Saved entries
(* For every $\bar x\in\mathcal{X}$, $$\operatorname{proj}_\theta(\widehat{\mathrm{SRI}}(\bar x))=\Big\{\theta\in\mathbb{R}^{V_+}_{\ge0}:\sum_{v\in V_+:w_v>0}\phi_v(\alpha,\beta)\theta_v\ge\sum_{\xi\in[N]}\sum_{\emptyset\ne S\subseteq V_+}\alpha^\xi_S\bar x(E(S))+\nu(\alpha,\beta)\ \ \forall(\alpha,\beta)\in\mathcal{A}\Big\}.$$ Consequently, $\mathcal{P}$ equals the set of $(x,\theta)\in\mathcal{X}\times\mathbb{R}^{V_+}_{\ge0}$ satisfying $\sum_{v:w_v>0}\phi_v(\alpha,\beta)\theta_v\ge\sum_\xi\sum_S\alpha^\xi_Sx(E(S))+\nu(\alpha,\beta)$ for all $(\alpha,\beta)\in\mathcal{A}$.
   Context: $G=(V,E)$ complete undirected graph, $V=\{0\}\cup V_+$ ($V_+$ customers); capacity $C>0$; scenarios $\xi\in[N]$ with demands $d^\xi\in\mathbb{Q}^{V_+}_{\ge0}$ ($d^\xi(v)\le C$) and probabilities $p_\xi\ge0$, $\sum_\xi p_\xi=1$. $f(S)=\sum_{i\in S}f(i)$; $k_\xi(S)=\lceil d^\xi(S)/C\rceil$; $\bar d=\sum_\xi p_\xi d^\xi$; $E(S)$: edges with both ends in $S$; $\delta(S)$: edges with exactly one end in $S$. $\mathcal{X}$ is one of $\mathcal{X}_{\mathrm{sub}}=\{x\in[0,2]^E: x(\delta(v))=2\ \forall v\in V_+,\ x(E(S))\le|S|-1\ \forall\emptyset\ne S\subseteq V_+\}$ or $\mathcal{X}_{\mathrm{cvrp}}=\mathcal{X}_{\mathrm{sub}}\cap\{x:x(\delta(0))=2k,\ x(E(S))\le|S|-\lceil\bar d(S)/C\rceil\}$. Fixed $w\in\mathbb{Q}^{V_+}_{\ge0}$, $b\in\mathbb{Z}^{V_+}_{\ge0}$; $y\in\mathbb{R}^{[N]\times V_+}$ has entries $y^\xi_v$; $[\mathbf 0,b]^N=\{y:0\le y^\xi_v\le b_v\}$. For $\bar x\in\mathcal{X}$, $\widehat{\mathrm{SRI}}(\bar x)$ is the set of $(\theta,y)\in\mathbb{R}^{V_+}_{\ge0}\times[\mathbf 0,b]^N$ with $y^\xi(S)\ge k_\xi(S)+\bar x(E(S))-|S|$ for all $\emptyset\ne S\subseteq V_+$, $\xi\in[N]$, and $\theta_v\ge\sum_\xi p_\xi w_vy^\xi_v$ for all $v$; $\operatorname{proj}_\theta$ is projection onto $\theta$; $\mathcal{P}=\{(x,\theta):x\in\mathcal{X},\theta\in\operatorname{proj}_\theta(\widehat{\mathrm{SRI}}(x))\}$. Multipliers $\alpha=(\alpha^\xi_S)_{\xi,\emptyset\ne S\subseteq V_+}$, $\beta=(\beta^\xi_v)_{\xi,v}$. $\nu(\alpha,\beta)=\sum_\xi\sum_S\alpha^\xi_S(k_\xi(S)-|S|)+\sum_\xi\sum_v\beta^\xi_vb_v$. For $w_v>0$, $\phi_v(\alpha,\beta)=\big(\max_{\xi}\frac{\beta^\xi_v+\sum_{S\ni v}\alpha^\xi_S}{p_\xi w_v}\big)^+$ with $(a)^+=\max\{a,0\}$. $\mathcal{A}$ is the set of $(\alpha,\beta)$ with $\alpha\ge0$, $\beta\le0$, and $\beta^\xi_v+\sum_{S\ni v}\alpha^\xi_S\le0$ for all $\xi$ and all $v$ with $w_v=0$. *)

theory Defs
  imports Complex_Main
begin

text \<open>Customers V+ are the elements of a finite type 'c; the vertex set is
  'c option, with None the depot 0 and Some v the customer v. Scenarios [N] are the
  elements of a finite (hence nonempty) type 's. Edges of the complete graph are
  two-element sets of vertices; a vector in R^E is a function on vertex sets which is
  0 outside E. A vector in R^{V+} is a function 'c => real, y in R^{[N] x V+} is
  a function 's => 'c => real with y xi v = y^xi_v.\<close>

definition edges :: "'c option set set" where
  "edges = {e. \<exists>u v. u \<noteq> v \<and> e = {u, v}}"
section \<open>Union bound over balanced labellings and Borel-Cantelli\<close>

lemma n_pair_lower_bound:
  fixes \<alpha> :: real
  assumes a: "\<alpha> * real n \<le> real (n_cnt n e a)" and b: "\<alpha> * real n \<le> real (n_cnt n e b)"
    and two: "2 \<le> \<alpha> * real n"
  shows "(\<alpha> * real n)\<^sup>2 / 2 \<le> real (n_pair n e a b)"
proof (cases "a = b")
  case False
  have "(\<alpha> * real n)\<^sup>2 \<le> real (n_cnt n e a) * real (n_cnt n e b)"
    unfolding power2_eq_square using a b two by (intro mult_mono) auto
  moreover have "real (n_pair n e a b) = real (n_cnt n e a) * real (n_cnt n e b)"
    using False by (simp add: n_pair_def)
  moreover have "0 \<le> real (n_cnt n e a) * real (n_cnt n e b)"
    by simp
  ultimately show ?thesis
    by linarith
next
  case True
  let ?m = "real (n_cnt n e a)"
  have "(\<alpha> * real n)\<^sup>2 / 2 \<le> ?m * (?m / 2)"
    unfolding power2_eq_square using a two by (simp add: mult_mono)
  also have "\<dots> \<le> ?m * (?m - 1)"
    using a two by (intro mult_left_mono) auto
  also have "\<dots> = real (n_pair n e a b)"
    using True a two by (simp add: n_pair_def of_nat_diff)
  finally show ?thesis .
qed

lemma n_cnt_restrict: "n_cnt n (restrict e {..<n}) a = n_cnt n e a"
  unfolding n_cnt_def by (rule arg_cong[where f = card]) auto

lemma scaled_density_restrict:
  "scaled_density n r A (restrict e {..<n}) a b = scaled_density n r A e a b"
proof -
  have "o_cnt n A (restrict e {..<n}) a b = o_cnt n A e a b"
    unfolding o_cnt_def by (rule arg_cong[where f = card]) auto
  then show ?thesis
    by (simp add: scaled_density_def n_pair_def n_cnt_restrict)
qed

definition balanced_density_outside ::
    "nat \<Rightarrow> nat \<Rightarrow> real \<Rightarrow> real \<Rightarrow> real \<Rightarrow> real \<Rightarrow> (nat \<Rightarrow> nat \<Rightarrow> bool) \<Rightarrow> bool" where
  "balanced_density_outside n k \<alpha> r lo hi A \<longleftrightarrow>
     (\<exists>e. (\<forall>i<n. e i < k) \<and> (\<forall>c<k. \<alpha> * real n \<le> real (n_cnt n e c)) \<and>
          (\<exists>a<k. \<exists>b<k. \<not> (lo < scaled_density n r A e a b \<and> scaled_density n r A e a b < hi)))"
lemma gr_even_eq_gr_scalar: "gr_even G \<iota> V pl nul scale act = gr_scalar G \<iota> V pl nul scale act 1"
  unfolding gr_even_def gr_scalar_def by simp

lemma gr_odd_eq_gr_scalar:
  assumes "\<forall>m\<in>V. scale 1 m = m"
  shows "gr_odd G \<iota> V pl nul scale act = gr_scalar G \<iota> V pl nul scale act (-1)"
proof -
  have scale_one: "scale 1 m = m"
    if "\<forall>i\<le>k. QG_submodule G V pl nul scale act (F i)" "i < k" "m \<in> F (Suc i)" for F k i m
    using that assms unfolding QG_submodule_def by (metis Suc_leI subsetD)
  show ?thesis
    unfolding gr_odd_def gr_scalar_def
    by (intro ex_cong1 conj_cong refl all_cong1 imp_cong ball_cong) (auto simp: scale_one)
qed

lemma gr_scalarI:
  assumes "\<And>n. QG_submodule G V pl nul scale act (F n)"
    and "F 0 = {nul}" and "F k = V" and "\<And>n. F n \<subseteq> F (Suc n)"
    and "\<And>n m. m \<in> F (Suc n) \<Longrightarrow> pl (act \<iota> m) (scale (-e) m) \<in> F n"
  shows "gr_scalar G \<iota> V pl nul scale act e"
  unfolding gr_scalar_def using assms by blast

text \<open>A filtration as in \<^const>\<open>gr_scalar\<close> for a module on a whole type, extended constantly
  beyond \<open>k\<close> so that indices never need to be bounded.\<close>

locale scalar_filtration =
  fixes G :: "'g monoid" and \<iota> :: 'g and s :: "rat \<Rightarrow> 'v::ab_group_add \<Rightarrow> 'v"
    and act :: "'g \<Rightarrow> 'v \<Rightarrow> 'v" and e :: rat and F :: "nat \<Rightarrow> 'v set" and k :: nat
  assumes submodule: "QG_submodule G UNIV (+) 0 s act (F i)"
    and bottom: "F 0 = {0}"
    and top: "k \<le> i \<Longrightarrow> F i = UNIV"
    and mono: "i \<le> j \<Longrightarrow> F i \<subseteq> F j"
    and step: "m \<in> F (Suc i) \<Longrightarrow> act \<iota> m - s e m \<in> F i"
begin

**WHAT TO PRODUCE:**
If a line in the entries holds the string "definition", copy it.

**RESPONSE FOR THIS EXERCISE:**
definition edges :: "'c option set set" where
definition balanced_density_outside ::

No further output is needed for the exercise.